[Start of Attachment]

(* If $\mathrm{Re}(z)<1/2$, then $$z\gamma(z)=-\log(1-z)+\sum_{n=1}^{\infty}\left(\frac{-z}{1-z}\right)^n\sum_{k=0}^{n}(-1)^{k+1}\binom{n}{k}\log(k+1).$$ Equivalently, if $|w|<1$, then $$w\gamma\!\left(\frac{-w}{1-w}\right)=-(1-w)\log(1-w)+(1-w)\sum_{n=1}^{\infty}w^n\sum_{k=0}^{n}(-1)^k\binom{n}{k}\log(k+1).$$
   Context: $\gamma(z)$ is the generalized-Euler-constant function: for $|z|\le1$, $\gamma(z)=\sum_{n=1}^{\infty} z^{n-1}\left(\frac{1}{n}-\log\frac{n+1}{n}\right)$, and for $z\in\mathbb{C}\setminus[1,\infty)$ it denotes the analytic continuation $\gamma(z)=\int_0^1\frac{1-x+\log x}{(1-xz)\log x}\,dx$. $\log$ is the principal branch. *)

theory Defs
  imports "HOL-Analysis.Analysis"
begin

text \<open>Generalized Euler constant function, defined on the whole cut plane
  C minus [1,infinity) by its integral representation
  gamma(z) = integral_0^1 (1 - x + log x) / ((1 - x z) log x) dx.\<close>
definition gen_euler_gamma :: "complex \<Rightarrow> complex" where
  "gen_euler_gamma z =
     integral {0..1::real}
       (\<lambda>x. complex_of_real (1 - x + ln x) / ((1 - complex_of_real x * z) * complex_of_real (ln x)))"

end

theory Submission
  imports Defs
begin

text \<open>Writing (x^k - 1) / ln x as the integral of x^t over t in [0, k] and exchanging the
  two integrals gives ln (k + 1) = integral_0^1 (x^k - 1) / ln x dx. Hence the binomial transform
  a_n of ln (k + 1) equals integral_0^1 (1 - x)^n / ln x dx for n > 0, and since
  |(1 - x) / ln x| <= 1, for |w| < 1 the geometric series in w (1 - x) can be summed under the
  integral: sum_n w^(n+1) a_(n+1) = integral_0^1 w (1 - x) / ((1 - w (1 - x)) ln x) dx.
  For z = -w / (1 - w) the integrand of w gamma(z) is (1 - w) times the sum of this integrand
  and w / (1 - w (1 - x)), whose integral is -Ln (1 - w). The map w -> -w / (1 - w) takes the
  unit disc onto the half plane Re z < 1/2.\<close>

lemma pow_minus_one_div_ln_bounds:
  fixes x :: real
  assumes "x \<in> {0..1}"
  shows "0 \<le> (x^k - 1) / ln x" and "(x^k - 1) / ln x \<le> real k"
proof -
  consider "x = 0 \<or> x = 1" | "0 < x" "x < 1" using assms by fastforce
  then have "0 \<le> (x^k - 1) / ln x \<and> (x^k - 1) / ln x \<le> real k"
  proof cases
    case 2
    then have "ln x < 0" by simp
    have "real k * ln x = ln (x^k)" using 2 by (simp add: ln_realpow)
    also have "\<dots> \<le> x^k - 1" using 2 by (intro ln_le_minus_one) simp
    finally have "(x^k - 1) / ln x \<le> real k" using \<open>ln x < 0\<close> by (simp add: neg_divide_le_eq)
    moreover have "x^k \<le> 1" using 2 by (simp add: power_le_one)
    ultimately show ?thesis using \<open>ln x < 0\<close> by (auto intro: divide_nonpos_neg)
  qed auto
  then show "0 \<le> (x^k - 1) / ln x" and "(x^k - 1) / ln x \<le> real k" by auto
qed

lemma integrable_on_Icc_if_bounded_continuous_on_Ioo:
  fixes f :: "real \<Rightarrow> 'b::euclidean_space"
  assumes "continuous_on {a<..<b} f" and "\<And>x. x \<in> {a<..<b} \<Longrightarrow> norm (f x) \<le> C"
  shows "f integrable_on {a..b}"
  unfolding integrable_on_Icc_iff_Ioo
proof (rule measurable_bounded_by_integrable_imp_integrable)
  show "f \<in> borel_measurable (lebesgue_on {a<..<b})"
    using assms(1) by (rule continuous_imp_measurable_on_sets_lebesgue) auto
  show "(\<lambda>x. C) integrable_on {a<..<b}"
    using integrable_const_ivl integrable_on_Icc_iff_Ioo by blast
qed (use assms in auto)

lemma integrable_pow_minus_one_div_ln: "(\<lambda>x::real. (x^k - 1) / ln x) integrable_on {0..1}"
proof (rule integrable_on_Icc_if_bounded_continuous_on_Ioo)
  show "continuous_on {0<..<1} (\<lambda>x::real. (x^k - 1) / ln x)"
    by (intro continuous_intros) auto
  show "norm ((x^k - 1) / ln x) \<le> real k" if "x \<in> {0<..<1}" for x :: real
    using pow_minus_one_div_ln_bounds[of x k] that by auto
qed
definition sofic :: "'e set \<Rightarrow> ('e \<Rightarrow> 'v) \<Rightarrow> ('e \<Rightarrow> 'v) \<Rightarrow> ('e \<Rightarrow> 'a) \<Rightarrow> (int \<Rightarrow> 'a) set" where
  "sofic E s t L = lab L ` edge_shift E s t"

definition right_resolving :: "'e set \<Rightarrow> ('e \<Rightarrow> 'v) \<Rightarrow> ('e \<Rightarrow> 'a) \<Rightarrow> bool" where
  "right_resolving E s L \<longleftrightarrow>
     (\<forall>e1\<in>E. \<forall>e2\<in>E. e1 \<noteq> e2 \<and> s e1 = s e2 \<longrightarrow> L e1 \<noteq> L e2)"

definition follower_vertex ::
  "'e set \<Rightarrow> ('e \<Rightarrow> 'v) \<Rightarrow> ('e \<Rightarrow> 'v) \<Rightarrow> ('e \<Rightarrow> 'a) \<Rightarrow> 'v \<Rightarrow> (nat \<Rightarrow> 'a) set" where
  "follower_vertex E s t L v =
     {(\<lambda>n. L (x n)) | x. (\<forall>n. x n \<in> E \<and> t (x n) = s (x (Suc n))) \<and> s (x 0) = v}"

definition right_rays :: "(int \<Rightarrow> 'a) set \<Rightarrow> (nat \<Rightarrow> 'a) set" where
  "right_rays Y = {(\<lambda>n. y (int n)) | y. y \<in> Y}"

definition glue :: "(int \<Rightarrow> 'a) \<Rightarrow> (nat \<Rightarrow> 'a) \<Rightarrow> (int \<Rightarrow> 'a)" where
  "glue y w = (\<lambda>i. if i < 0 then y i else w (nat i))"

definition follower_seq :: "(int \<Rightarrow> 'a) set \<Rightarrow> (int \<Rightarrow> 'a) \<Rightarrow> (nat \<Rightarrow> 'a) set" where
  "follower_seq Y y = {w \<in> right_rays Y. glue y w \<in> Y}"
(* Let $(X^n,d,\mu)$ be a compact metric measure space satisfying the $n$-dimensional condition with ${\rm Sc}^{{\rm vol}_n}(X^n)\geq\kappa\geq 0$ and SC-radius $r_{X^n}$, and suppose a tangent space $(Y^n,d_Y,\mu_Y,o)$ of $X^n$ exists at a point $p\in X^n$. Then $(Y^n,d_Y,\mu_Y,o)$ satisfies ${\rm Sc}^{{\rm vol}_n}(Y^n)\geq 0$ with SC-radius $\geq r_{X^n}$, i.e. $\mu_Y(B_\epsilon(y))\leq{\rm vol}_E(B_\epsilon(\mathbf{R}^n))$ for all $y\in Y^n$ and all $0<\epsilon\leq r_{X^n}$.
   Context: A metric measure space (mm-space) $(X,d,\mu)$ consists of a complete separable length metric $d$ and a locally finite full-support Borel measure $\mu$. $B_r(x)$ is the closed $r$-ball and ${\rm vol}_E(B_r(\mathbf{R}^n))$ the Euclidean volume of a closed $r$-ball in $\mathbf{R}^n$. $n$-dimensional condition: $\lim_{r\to 0}\mu(B_r(x))/{\rm vol}_E(B_r(\mathbf{R}^n))=1$ for all $x$. For $\gamma>0$, $S^2(\gamma)$ is the round 2-sphere of scalar curvature $2\gamma^{-2}$; $S^2(\gamma)\times\mathbf{R}^{n-2}$ has the product metric $\sqrt{d_S^2+d_E^2}$ and product volume, whose $\epsilon$-balls have volume ${\rm vol}_{S\times E}(B_\epsilon(S^2(\gamma)\times\mathbf{R}^{n-2}))$. For a compact mm-space $X$ with the $n$-dimensional condition: ${\rm Sc}^{{\rm vol}_n}(X)\geq 0$ with SC-radius $r_X>0$ means $\mu(B_\epsilon(x))\leq{\rm vol}_E(B_\epsilon(\mathbf{R}^n))$ for all $x$ and $0<\epsilon\leq r_X$; for $\kappa>0$, ${\rm Sc}^{{\rm vol}_n}(X)\geq\kappa$ means for every $\gamma>\sqrt{2/\kappa}$ there is $r_{X,\gamma}>0$ with $\mu(B_\epsilon(x))<{\rm vol}_{S\times E}(B_\epsilon(S^2(\gamma)\times\mathbf{R}^{n-2}))$ for all $x$ and $0<\epsilon\leq r_{X,\gamma}$, and the SC-radius is $r_X:=\inf_\gamma r_{X,\gamma}$. A map $f$ between metric spaces is an $\epsilon$-isometry if it distorts distances by at most $\epsilon$ and its image is $\epsilon$-dense. Borel measures converge strongly if they converge on every Borel set. Pointed locally compact mm-spaces $(X_i,d_i,\mu_i,p_i)$ converge to $(X,d,\mu,p)$ in the pointed strongly measured Gromov--Hausdorff topology if there are $r_i\to\infty$, $\epsilon_i\to 0$ and measurable pointed $\epsilon_i$-isometries $f_i\colon B_{r_i}(p_i)\to B_{r_i}(p)$ with $(f_i)_*\mu_i\to\mu$ strongly. A pointed mm-space $(Y,d_Y,\mu_Y,o)$ is a tangent space of $(X^n,d,\mu)$ at $p$ if there is a sequence $\lambda_i\to\infty$ such that $(X^n,\lambda_i d,\lambda_i^n\mu,p)$ converges to $(Y,d_Y,\mu_Y,o)$ in this pointed strongly measured Gromov--Hausdorff sense. *)

theory Defs
  imports "HOL-Analysis.Analysis"
begin
(* Let $p\ge 7$ be a prime and $k=(p-1)/2$. Then $\mathsf{BO}(k,\mathbb{Z}/p\mathbb{Z})=k+1$ if the multiplicative order of $2$ modulo $p$ is odd, and $\mathsf{BO}(k,\mathbb{Z}/p\mathbb{Z})=k+2$ if the multiplicative order of $2$ modulo $p$ is even.
   Context: For a positive integer $k$, a set $\{g_1,\dots,g_k\}$ of $k$ distinct elements of a finite abelian group $G$ (written additively) is called $k$-barycentric if $\sum_{i=1}^k g_i = k\,g_j$ for some $1\le j\le k$. The $k$-th barycentric Olson constant $\mathsf{BO}(k,G)$ is the smallest integer $\ell$ such that every subset $A\subseteq G$ with $|A|\ge \ell$ contains a $k$-barycentric subset (so that always $\mathsf{BO}(k,G)\le |G|+1$). The multiplicative order of $2$ modulo $p$ is the least positive integer $t$ with $2^t\equiv 1 \pmod p$. *)

theory Defs
  imports "HOL-Algebra.Algebra" "HOL-Number_Theory.Number_Theory"
begin

text \<open>A finite abelian group G is written multiplicatively here (HOL-Algebra convention);
  the group operation plays the role of the additive law of the paper.\<close>

definition barycentric :: "('a, 'b) monoid_scheme \<Rightarrow> nat \<Rightarrow> 'a set \<Rightarrow> bool" where
  "barycentric G k S \<longleftrightarrow> S \<subseteq> carrier G \<and> finite S \<and> card S = k \<and>
     (\<exists>g\<in>S. finprod G (\<lambda>x. x) S = g [^]\<^bsub>G\<^esub> k)"

definition BO :: "nat \<Rightarrow> ('a, 'b) monoid_scheme \<Rightarrow> nat" where
  "BO k G = (LEAST l. \<forall>A. A \<subseteq> carrier G \<and> card A \<ge> l \<longrightarrow>
                          (\<exists>S\<subseteq>A. barycentric G k S))"

definition Zmod :: "int \<Rightarrow> int monoid" where
  "Zmod p = add_monoid (residue_ring p)"

end

theory Submission
  imports Defs
begin
(* Let flips a < h have the same edge {c, d} and suppose no directed path leads from a to h;
   let R be the set of flips reachable from a. A flip outside R cannot remove a triangle that
   carries the new diagonal of an R-flip still present, since it would be adjacent to that flip.
   Hence the triangles not created by R-flips since a stay inside the region covered at time a
   by the triangles avoiding {c, d}, and the triangle at {c, d} removed by flip h is such a
   triangle. But it lies on the same side of cd as one of the two triangles at {c, d} at time a,
   so their interiors meet, although the triangles of every intermediate triangulation have
   pairwise disjoint interiors. *)

theory Submission
  imports Defs
begin

section \<open>Orientation and triangles in the plane\<close>

text \<open>The sign of \<open>det2 (d - c) (x - c)\<close> tells on which side of the line cd the point x lies.\<close>

definition det2 :: "pt \<Rightarrow> pt \<Rightarrow> real" where
  "det2 u v = fst u * snd v - snd u * fst v"

lemma det2_basis_decomp:
  assumes "det2 u w \<noteq> 0"
  shows "v = (det2 v w / det2 u w) *\<^sub>R u + (det2 u v / det2 u w) *\<^sub>R w"
proof -
  have "fst v * det2 u w = det2 v w * fst u + det2 u v * fst w"
    and "snd v * det2 u w = det2 v w * snd u + det2 u v * snd w"
    unfolding det2_def by (simp_all add: algebra_simps)
  with assms show ?thesis
    unfolding prod_eq_iff by (simp add: field_simps)
qed

lemma det2_eq_0_imp_parallel:
  assumes "det2 u v = 0" "u \<noteq> 0"
  obtains k where "v = k *\<^sub>R u"
proof (cases "fst u = 0")
  case True
  with assms have "snd u \<noteq> 0" by (simp add: prod_eq_iff)
  with True assms(1) show ?thesis
    by (intro that[of "snd v / snd u"]) (auto simp: det2_def prod_eq_iff)
next
  case False
  with assms(1) show ?thesis
    by (intro that[of "fst v / fst u"]) (auto simp: det2_def prod_eq_iff field_simps)
qed

lemma collinear_iff_det2: "collinear {c, d, z} \<longleftrightarrow> det2 (d - c) (z - c) = 0"
proof -
  have "collinear {c, d, z} \<longleftrightarrow> collinear {0, d - c, z - c}"
    using collinear_3[of d c z] by (simp add: insert_commute)
  also have "\<dots> \<longleftrightarrow> det2 (d - c) (z - c) = 0"
  proof
    assume "collinear {0, d - c, z - c}"
    then consider "d - c = 0" | "z - c = 0" | k where "z - c = k *\<^sub>R (d - c)"
      unfolding collinear_lemma by blast
    then show "det2 (d - c) (z - c) = 0"
      by cases (simp_all add: det2_def)
  next
    assume "det2 (d - c) (z - c) = 0"
    then show "collinear {0, d - c, z - c}"
      unfolding collinear_lemma by (metis det2_eq_0_imp_parallel)
  qed
  finally show ?thesis .
qed
theorem lemma2p4:
  fixes G :: "'a ugraph" and lam :: "'a set set set \<Rightarrow> nat"
  assumes "finite_graph G" and "simple_graph G" and "connected_graph G"
    and "bridgeless G" and "triangle_free G" and "cubic G"
    and "valid_labeling G lam"
  shows "disjoint_union_of_cycles
           (edge_induced {f \<in> edges (reduced_L2 G). lam f = 1})"
proof (rule two_regular_disjoint_union_of_cycles)
  show "finite {f \<in> edges (reduced_L2 G). lam f = 1}"
    using finite_edges_reduced_L2[OF assms(1,2)] by simp
  show "two_regular {f \<in> edges (reduced_L2 G). lam f = 1}"
    using open_edges_two_regular[OF assms(2,6,5,7)] .
qed

end
lemma Gam_eq_rtrancl:
  assumes v: "v \<in> verts G"
  shows "Gam G f v = (fibre_adjacency G f)\<^sup>* `` {v}"
proof -
  let ?X = "{w \<in> verts G. f w = f v}"
  have "(v,w) \<in> (adjacency_within G ?X)\<^sup>*" if "(v,w) \<in> (fibre_adjacency G f)\<^sup>*" for w
    using that
  proof (induction rule: rtrancl_induct)
    case (step b c)
    then have "(b,c) \<in> adjacency_within G ?X"
      using rtrancl_fibre_adjacency_imp_fibre[OF step.hyps(1) v]
      by (auto simp: adjacency_within_def fibre_adjacency_def)
    with step.IH show ?case by (rule rtrancl_into_rtrancl)
  qed simp
  moreover have "adjacency_within G ?X \<subseteq> fibre_adjacency G f"
    by (auto simp: adjacency_within_def fibre_adjacency_def)
  ultimately show ?thesis
    unfolding Gam_def gamma_def connected_in_iff_rtrancl
    using rtrancl_mono rtrancl_fibre_adjacency_imp_fibre[OF _ v] by blast
qed

lemma mem_Gam_self: "v \<in> verts G \<Longrightarrow> v \<in> Gam G f v"
  by (simp add: Gam_eq_rtrancl)

lemma mem_Gam_imp_fibre: "v \<in> verts G \<Longrightarrow> w \<in> Gam G f v \<Longrightarrow> w \<in> verts G \<and> f w = f v"
  by (auto simp: Gam_eq_rtrancl dest: rtrancl_fibre_adjacency_imp_fibre)

lemma mem_Gam_if_adjacent:
  "v \<in> verts G \<Longrightarrow> w \<in> verts G \<Longrightarrow> adjacent G v w \<Longrightarrow> f v = f w \<Longrightarrow> w \<in> Gam G f v"
  by (auto simp: Gam_eq_rtrancl fibre_adjacency_def)

lemma Gam_eq_if_mem:
  assumes v: "v \<in> verts G" and w: "w \<in> Gam G f v"
  shows "Gam G f w = Gam G f v"
proof -
  have "sym ((fibre_adjacency G f)\<^sup>*)"
    by (rule sym_rtrancl) (auto simp: sym_def fibre_adjacency_def adjacent_def)
  moreover have "(v,w) \<in> (fibre_adjacency G f)\<^sup>*"
    using w by (simp add: Gam_eq_rtrancl[OF v])
  moreover have "w \<in> verts G"
    using mem_Gam_imp_fibre[OF v w] by simp
  ultimately show ?thesis
    unfolding Gam_eq_rtrancl[OF v] Gam_eq_rtrancl[OF \<open>w \<in> verts G\<close>]
    by (auto dest: symD intro: rtrancl_trans)
qed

[End of Attachment]

**Directions:**
From the line that has "using pow_minus_one_div_ln_bounds[of x" through the line that has "('e \<Rightarrow> 'a) \<Rightarrow> (int", copy every line exactly as it appears above, and leave out all others.

**Answer below:**
    using pow_minus_one_div_ln_bounds[of x k] that by auto
qed
definition sofic :: "'e set \<Rightarrow> ('e \<Rightarrow> 'v) \<Rightarrow> ('e \<Rightarrow> 'v) \<Rightarrow> ('e \<Rightarrow> 'a) \<Rightarrow> (int \<Rightarrow> 'a) set" where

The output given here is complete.